In the emerging field of "aleatory architecture" (from the Latin word for "dice"), for example, granular materials—analogous to the components of nests—are poured into a mold until they jam together into a structurally stable, load-bearing form, such as an arch. Also, King added, nests are lightweight, soft, flexible and shock-absorbent, but made up of hard, durable components—properties which are ideal for packaging materials.
"If these principles could be applied to, say, packing of things to be transported, you could conform the packaging material to the shape of the thing it's supposed to hold—like a nest that you place some fragile thing in," he said. "If we can understand how the shock-absorbing behavior of this collective material works, we can manipulate it to accommodate different geometries. To some extent, that's kind of what the birds do. They make a shape that is going to absorb certain perturbations, and keep the eggs in the middle of it."
To better understand these principles, King's graduate assistant Nicholas Weiner is conducting a series of coordinated physical and computational experiments to analyze the behavior of disordered, randomly packed filaments in response to pressure, shaking and other perturbations. He hopes to characterize this behavior and coordinate with the collaborators at Illinois who will attempt to duplicate his findings through computer simulations.
King—a member of UA's Biomimicry Research and Innovation Center, an interdisciplinary center dedicated to innovation inspired by nature—is also planning to observe the feathered physicists themselves, toiling in their arboreal labs. He hopes to collaborate with the Akron Zoo to set up cameras and record the birds at work.
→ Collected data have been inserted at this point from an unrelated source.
(* The kernel pair of m is covered by a pair that w identifies, hence so does e; so it is the diagonal. *)
lemma kernel_pair_coequaliser_factor_mono:
  assumes kp: "kernel_pair C w p1 p2" and e: "is_coequaliser C p1 p2 e"
    and m: "hom C m (Cod C e) (Cod C w)" "Comp C m e = w"
  shows "mono_arr C m"
proof -
  note kk = is_pullbackD[OF kp[unfolded kernel_pair_def]]
  note ee = is_coequaliserD[OF e]
  have mm: "m \<in> Arr C" "Dom C m = Cod C e"
    using m(1) unfolding hom_def by simp_all
  obtain r1 r2 where r: "is_pullback C m m r1 r2"
    using pullback_exists[where f=m and g=m] mm(1) by metis
  note rr = is_pullbackD[OF r]
  have cod_r: "Cod C r1 = Cod C e" "Cod C r2 = Cod C e"
    using rr(7,8) mm(2) by simp_all
  obtain c a1 a2 where c: "epi_arr C c" "Cod C c = Dom C r1"
    and a: "a1 \<in> Arr C" "a2 \<in> Arr C" "Dom C a1 = Dom C c" "Dom C a2 = Dom C c"
      "Cod C a1 = Dom C e" "Cod C a2 = Dom C e"
    and ea: "Comp C e a1 = Comp C r1 c" "Comp C e a2 = Comp C r2 c"
    using pair_cover_through_regular_epi[of e r1 r2] e rr(3,4,6) cod_r
    unfolding regular_epi_def by blast
  have cc: "c \<in> Arr C" using epi_arr_arr[OF c(1)] .
  have "Comp C w a1 = Comp C m (Comp C e a1)"
    using m(2)[symmetric] ee(3) mm a(1,5) by (simp add: comp_assoc)
  also have "\<dots> = Comp C m (Comp C r2 c)"
    using ea(1) rr(3,4,6,7,8,9) mm(1) cc c(2) by (simp flip: comp_assoc)
  also have "\<dots> = Comp C w a2"
    using ea(2) m(2)[symmetric] ee(3) mm a(2,6) by (simp add: comp_assoc)
  finally have "Comp C w a1 = Comp C w a2" .
  moreover have "Dom C e = Dom C w"
    using kk(7) ee(5) by simp
  ultimately have "Comp C e a1 = Comp C e a2"
    using kernel_pair_coequaliser_identifies[OF kp e a(1,2)] a(3-6) by simp
  then have "Comp C r1 c = Comp C r2 c"
    using ea by simp
  then have "r1 = r2"
    using epi_arrD[OF c(1)] rr(3,4,6) c(2) cod_r by simp
  then show ?thesis
    using kernel_pair_diagonal_mono r unfolding kernel_pair_def by blast
qed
"We want to see evidence of a particular protocol being used in making this work," he said. "There's likely a kind of built-in intuition that depends on these things that we haven't been able to put our finger on yet."
Some of those things, though, are far beyond the wingspan of his current research.
"A lot of these nests are way more complicated than we're really willing to think about," he said. "In some of them, the birds tie formal knots. ... That's a different thing."